### TASK BRIEF
Reproduce every record below, character by character.

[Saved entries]
[Start of Attachment]

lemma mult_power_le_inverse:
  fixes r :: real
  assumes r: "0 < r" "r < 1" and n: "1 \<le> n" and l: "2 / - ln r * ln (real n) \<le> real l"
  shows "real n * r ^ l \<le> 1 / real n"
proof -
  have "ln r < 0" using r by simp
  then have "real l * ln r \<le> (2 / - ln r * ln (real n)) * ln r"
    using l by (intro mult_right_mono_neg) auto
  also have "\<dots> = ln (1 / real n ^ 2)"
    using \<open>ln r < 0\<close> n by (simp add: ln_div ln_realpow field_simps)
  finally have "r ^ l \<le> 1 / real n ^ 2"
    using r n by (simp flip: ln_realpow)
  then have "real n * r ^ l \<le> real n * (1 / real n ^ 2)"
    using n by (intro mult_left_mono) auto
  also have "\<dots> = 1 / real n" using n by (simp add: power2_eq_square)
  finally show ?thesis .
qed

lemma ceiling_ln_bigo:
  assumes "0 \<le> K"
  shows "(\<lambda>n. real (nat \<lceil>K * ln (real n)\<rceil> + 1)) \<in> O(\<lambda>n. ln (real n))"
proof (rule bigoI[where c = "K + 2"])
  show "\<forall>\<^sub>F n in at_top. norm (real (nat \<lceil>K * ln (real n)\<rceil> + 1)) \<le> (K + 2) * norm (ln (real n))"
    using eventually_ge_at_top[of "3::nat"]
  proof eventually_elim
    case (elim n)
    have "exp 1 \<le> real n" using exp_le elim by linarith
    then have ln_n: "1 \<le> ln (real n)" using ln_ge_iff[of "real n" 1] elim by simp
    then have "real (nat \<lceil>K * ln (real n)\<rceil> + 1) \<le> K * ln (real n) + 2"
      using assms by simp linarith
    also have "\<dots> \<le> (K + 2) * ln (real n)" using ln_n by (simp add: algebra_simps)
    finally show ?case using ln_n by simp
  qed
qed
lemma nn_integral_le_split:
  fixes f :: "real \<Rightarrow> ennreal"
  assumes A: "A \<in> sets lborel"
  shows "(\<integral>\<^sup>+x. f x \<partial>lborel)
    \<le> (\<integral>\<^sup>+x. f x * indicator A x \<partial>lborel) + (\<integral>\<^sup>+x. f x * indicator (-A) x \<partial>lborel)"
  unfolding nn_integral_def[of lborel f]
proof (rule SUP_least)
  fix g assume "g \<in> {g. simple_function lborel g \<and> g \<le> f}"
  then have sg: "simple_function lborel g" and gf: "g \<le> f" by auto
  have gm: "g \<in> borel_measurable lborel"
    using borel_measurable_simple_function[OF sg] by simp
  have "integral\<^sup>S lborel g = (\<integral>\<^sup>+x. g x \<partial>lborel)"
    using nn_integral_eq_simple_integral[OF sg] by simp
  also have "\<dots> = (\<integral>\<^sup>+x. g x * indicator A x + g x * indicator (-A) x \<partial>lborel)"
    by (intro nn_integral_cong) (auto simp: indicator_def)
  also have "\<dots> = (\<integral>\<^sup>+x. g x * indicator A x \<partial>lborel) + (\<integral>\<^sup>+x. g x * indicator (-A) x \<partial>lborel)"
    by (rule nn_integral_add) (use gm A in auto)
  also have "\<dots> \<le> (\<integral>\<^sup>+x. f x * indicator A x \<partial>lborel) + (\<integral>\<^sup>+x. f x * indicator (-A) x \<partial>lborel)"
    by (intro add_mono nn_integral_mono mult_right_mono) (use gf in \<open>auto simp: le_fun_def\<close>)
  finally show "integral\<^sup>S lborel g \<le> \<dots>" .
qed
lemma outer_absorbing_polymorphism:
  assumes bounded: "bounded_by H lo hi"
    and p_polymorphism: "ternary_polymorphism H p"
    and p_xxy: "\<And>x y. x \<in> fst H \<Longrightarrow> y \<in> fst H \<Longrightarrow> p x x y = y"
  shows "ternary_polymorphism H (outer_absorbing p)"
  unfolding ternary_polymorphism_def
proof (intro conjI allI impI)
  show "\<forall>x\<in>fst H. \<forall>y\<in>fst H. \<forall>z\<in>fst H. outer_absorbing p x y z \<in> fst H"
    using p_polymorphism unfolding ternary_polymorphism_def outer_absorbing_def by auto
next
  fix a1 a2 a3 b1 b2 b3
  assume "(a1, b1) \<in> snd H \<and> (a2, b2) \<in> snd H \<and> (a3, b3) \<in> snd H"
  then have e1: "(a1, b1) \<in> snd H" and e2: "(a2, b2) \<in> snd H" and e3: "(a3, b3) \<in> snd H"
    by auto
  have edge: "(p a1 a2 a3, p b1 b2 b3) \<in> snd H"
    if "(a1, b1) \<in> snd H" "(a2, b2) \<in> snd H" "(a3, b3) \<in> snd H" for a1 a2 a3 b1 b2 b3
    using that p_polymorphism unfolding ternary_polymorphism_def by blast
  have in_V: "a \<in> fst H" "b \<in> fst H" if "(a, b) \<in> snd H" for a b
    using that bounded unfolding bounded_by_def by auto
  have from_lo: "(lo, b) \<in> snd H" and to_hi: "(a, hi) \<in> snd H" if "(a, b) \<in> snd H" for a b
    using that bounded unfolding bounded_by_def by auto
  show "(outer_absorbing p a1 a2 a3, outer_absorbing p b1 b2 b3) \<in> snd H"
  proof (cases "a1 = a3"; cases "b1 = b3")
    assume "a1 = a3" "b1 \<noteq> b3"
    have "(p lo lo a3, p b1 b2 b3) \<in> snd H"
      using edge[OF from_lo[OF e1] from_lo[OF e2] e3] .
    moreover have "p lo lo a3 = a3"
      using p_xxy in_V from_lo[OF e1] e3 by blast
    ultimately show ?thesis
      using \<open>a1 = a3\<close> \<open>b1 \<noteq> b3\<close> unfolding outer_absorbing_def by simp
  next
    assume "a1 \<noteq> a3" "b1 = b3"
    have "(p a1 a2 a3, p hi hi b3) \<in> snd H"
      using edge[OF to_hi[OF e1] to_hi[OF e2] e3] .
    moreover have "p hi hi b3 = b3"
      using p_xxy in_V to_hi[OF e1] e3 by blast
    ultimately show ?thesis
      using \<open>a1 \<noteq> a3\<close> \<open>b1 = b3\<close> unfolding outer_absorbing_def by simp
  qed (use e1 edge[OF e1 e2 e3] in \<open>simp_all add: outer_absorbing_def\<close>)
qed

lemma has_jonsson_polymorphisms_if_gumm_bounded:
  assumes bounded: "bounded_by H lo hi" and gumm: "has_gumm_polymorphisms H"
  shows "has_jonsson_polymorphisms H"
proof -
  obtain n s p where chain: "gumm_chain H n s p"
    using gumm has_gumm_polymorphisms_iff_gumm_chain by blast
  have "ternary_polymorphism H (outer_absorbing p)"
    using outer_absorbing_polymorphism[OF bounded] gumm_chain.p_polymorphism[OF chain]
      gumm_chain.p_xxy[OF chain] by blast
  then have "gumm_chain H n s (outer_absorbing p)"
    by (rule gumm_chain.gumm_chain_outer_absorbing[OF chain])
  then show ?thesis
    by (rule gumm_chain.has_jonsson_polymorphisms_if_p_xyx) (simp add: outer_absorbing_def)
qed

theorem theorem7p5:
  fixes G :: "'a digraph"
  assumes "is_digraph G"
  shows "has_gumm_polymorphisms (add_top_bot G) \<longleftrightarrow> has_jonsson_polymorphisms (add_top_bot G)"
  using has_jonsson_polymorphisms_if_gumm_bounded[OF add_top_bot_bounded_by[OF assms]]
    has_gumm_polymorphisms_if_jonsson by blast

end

[End of Attachment]

### TASK OUTPUT
lemma mult_power_le_inverse:
  fixes r :: real
  assumes r: "0 < r" "r < 1" and n: "1 \<le> n" and l: "2 / - ln r * ln (real n) \<le> real l"
  shows "real n * r ^ l \<le> 1 / real n"
proof -
  have "ln r < 0" using r by simp
  then have "real l * ln r \<le> (2 / - ln r * ln (real n)) * ln r"
    using l by (intro mult_right_mono_neg) auto
  also have "\<dots> = ln (1 / real n ^ 2)"
    using \<open>ln r < 0\<close> n by (simp add: ln_div ln_realpow field_simps)
  finally have "r ^ l \<le> 1 / real n ^ 2"
    using r n by (simp flip: ln_realpow)
  then have "real n * r ^ l \<le> real n * (1 / real n ^ 2)"
    using n by (intro mult_left_mono) auto
  also have "\<dots> = 1 / real n" using n by (simp add: power2_eq_square)
  finally show ?thesis .
qed

lemma ceiling_ln_bigo:
  assumes "0 \<le> K"
  shows "(\<lambda>n. real (nat \<lceil>K * ln (real n)\<rceil> + 1)) \<in> O(\<lambda>n. ln (real n))"
proof (rule bigoI[where c = "K + 2"])
  show "\<forall>\<^sub>F n in at_top. norm (real (nat \<lceil>K * ln (real n)\<rceil> + 1)) \<le> (K + 2) * norm (ln (real n))"
    using eventually_ge_at_top[of "3::nat"]
  proof eventually_elim
    case (elim n)
    have "exp 1 \<le> real n" using exp_le elim by linarith
    then have ln_n: "1 \<le> ln (real n)" using ln_ge_iff[of "real n" 1] elim by simp
    then have "real (nat \<lceil>K * ln (real n)\<rceil> + 1) \<le> K * ln (real n) + 2"
      using assms by simp linarith
    also have "\<dots> \<le> (K + 2) * ln (real n)" using ln_n by (simp add: algebra_simps)
    finally show ?case using ln_n by simp
  qed
qed
lemma nn_integral_le_split:
  fixes f :: "real \<Rightarrow> ennreal"
  assumes A: "A \<in> sets lborel"
  shows "(\<integral>\<^sup>+x. f x \<partial>lborel)
    \<le> (\<integral>\<^sup>+x. f x * indicator A x \<partial>lborel) + (\<integral>\<^sup>+x. f x * indicator (-A) x \<partial>lborel)"
  unfolding nn_integral_def[of lborel f]
proof (rule SUP_least)
  fix g assume "g \<in> {g. simple_function lborel g \<and> g \<le> f}"
  then have sg: "simple_function lborel g" and gf: "g \<le> f" by auto
  have gm: "g \<in> borel_measurable lborel"
    using borel_measurable_simple_function[OF sg] by simp
  have "integral\<^sup>S lborel g = (\<integral>\<^sup>+x. g x \<partial>lborel)"
    using nn_integral_eq_simple_integral[OF sg] by simp
  also have "\<dots> = (\<integral>\<^sup>+x. g x * indicator A x + g x * indicator (-A) x \<partial>lborel)"
    by (intro nn_integral_cong) (auto simp: indicator_def)
  also have "\<dots> = (\<integral>\<^sup>+x. g x * indicator A x \<partial>lborel) + (\<integral>\<^sup>+x. g x * indicator (-A) x \<partial>lborel)"
    by (rule nn_integral_add) (use gm A in auto)
  also have "\<dots> \<le> (\<integral>\<^sup>+x. f x * indicator A x \<partial>lborel) + (\<integral>\<^sup>+x. f x * indicator (-A) x \<partial>lborel)"
    by (intro add_mono nn_integral_mono mult_right_mono) (use gf in \<open>auto simp: le_fun_def\<close>)
  finally show "integral\<^sup>S lborel g \<le> \<dots>" .
qed
lemma outer_absorbing_polymorphism:
  assumes bounded: "bounded_by H lo hi"
    and p_polymorphism: "ternary_polymorphism H p"
    and p_xxy: "\<And>x y. x \<in> fst H \<Longrightarrow> y \<in> fst H \<Longrightarrow> p x x y = y"
  shows "ternary_polymorphism H (outer_absorbing p)"
  unfolding ternary_polymorphism_def
proof (intro conjI allI impI)
  show "\<forall>x\<in>fst H. \<forall>y\<in>fst H. \<forall>z\<in>fst H. outer_absorbing p x y z \<in> fst H"
    using p_polymorphism unfolding ternary_polymorphism_def outer_absorbing_def by auto
next
  fix a1 a2 a3 b1 b2 b3
  assume "(a1, b1) \<in> snd H \<and> (a2, b2) \<in> snd H \<and> (a3, b3) \<in> snd H"
  then have e1: "(a1, b1) \<in> snd H" and e2: "(a2, b2) \<in> snd H" and e3: "(a3, b3) \<in> snd H"
    by auto
  have edge: "(p a1 a2 a3, p b1 b2 b3) \<in> snd H"
    if "(a1, b1) \<in> snd H" "(a2, b2) \<in> snd H" "(a3, b3) \<in> snd H" for a1 a2 a3 b1 b2 b3
    using that p_polymorphism unfolding ternary_polymorphism_def by blast
  have in_V: "a \<in> fst H" "b \<in> fst H" if "(a, b) \<in> snd H" for a b
    using that bounded unfolding bounded_by_def by auto
  have from_lo: "(lo, b) \<in> snd H" and to_hi: "(a, hi) \<in> snd H" if "(a, b) \<in> snd H" for a b
    using that bounded unfolding bounded_by_def by auto
  show "(outer_absorbing p a1 a2 a3, outer_absorbing p b1 b2 b3) \<in> snd H"
  proof (cases "a1 = a3"; cases "b1 = b3")
    assume "a1 = a3" "b1 \<noteq> b3"
    have "(p lo lo a3, p b1 b2 b3) \<in> snd H"
      using edge[OF from_lo[OF e1] from_lo[OF e2] e3] .
    moreover have "p lo lo a3 = a3"
      using p_xxy in_V from_lo[OF e1] e3 by blast
    ultimately show ?thesis
      using \<open>a1 = a3\<close> \<open>b1 \<noteq> b3\<close> unfolding outer_absorbing_def by simp
  next
    assume "a1 \<noteq> a3" "b1 = b3"
    have "(p a1 a2 a3, p hi hi b3) \<in> snd H"
      using edge[OF to_hi[OF e1] to_hi[OF e2] e3] .
    moreover have "p hi hi b3 = b3"
      using p_xxy in_V to_hi[OF e1] e3 by blast
    ultimately show ?thesis
      using \<open>a1 \<noteq> a3\<close> \<open>b1 = b3\<close> unfolding outer_absorbing_def by simp
  qed (use e1 edge[OF e1 e2 e3] in \<open>simp_all add: outer_absorbing_def\<close>)
qed

lemma has_jonsson_polymorphisms_if_gumm_bounded:
  assumes bounded: "bounded_by H lo hi" and gumm: "has_gumm_polymorphisms H"
  shows "has_jonsson_polymorphisms H"
proof -
  obtain n s p where chain: "gumm_chain H n s p"
    using gumm has_gumm_polymorphisms_iff_gumm_chain by blast
  have "ternary_polymorphism H (outer_absorbing p)"
    using outer_absorbing_polymorphism[OF bounded] gumm_chain.p_polymorphism[OF chain]
      gumm_chain.p_xxy[OF chain] by blast
  then have "gumm_chain H n s (outer_absorbing p)"
    by (rule gumm_chain.gumm_chain_outer_absorbing[OF chain])
  then show ?thesis
    by (rule gumm_chain.has_jonsson_polymorphisms_if_p_xyx) (simp add: outer_absorbing_def)
qed

theorem theorem7p5:
  fixes G :: "'a digraph"
  assumes "is_digraph G"
  shows "has_gumm_polymorphisms (add_top_bot G) \<longleftrightarrow> has_jonsson_polymorphisms (add_top_bot G)"
  using has_jonsson_polymorphisms_if_gumm_bounded[OF add_top_bot_bounded_by[OF assms]]
    has_gumm_polymorphisms_if_jonsson by blast

end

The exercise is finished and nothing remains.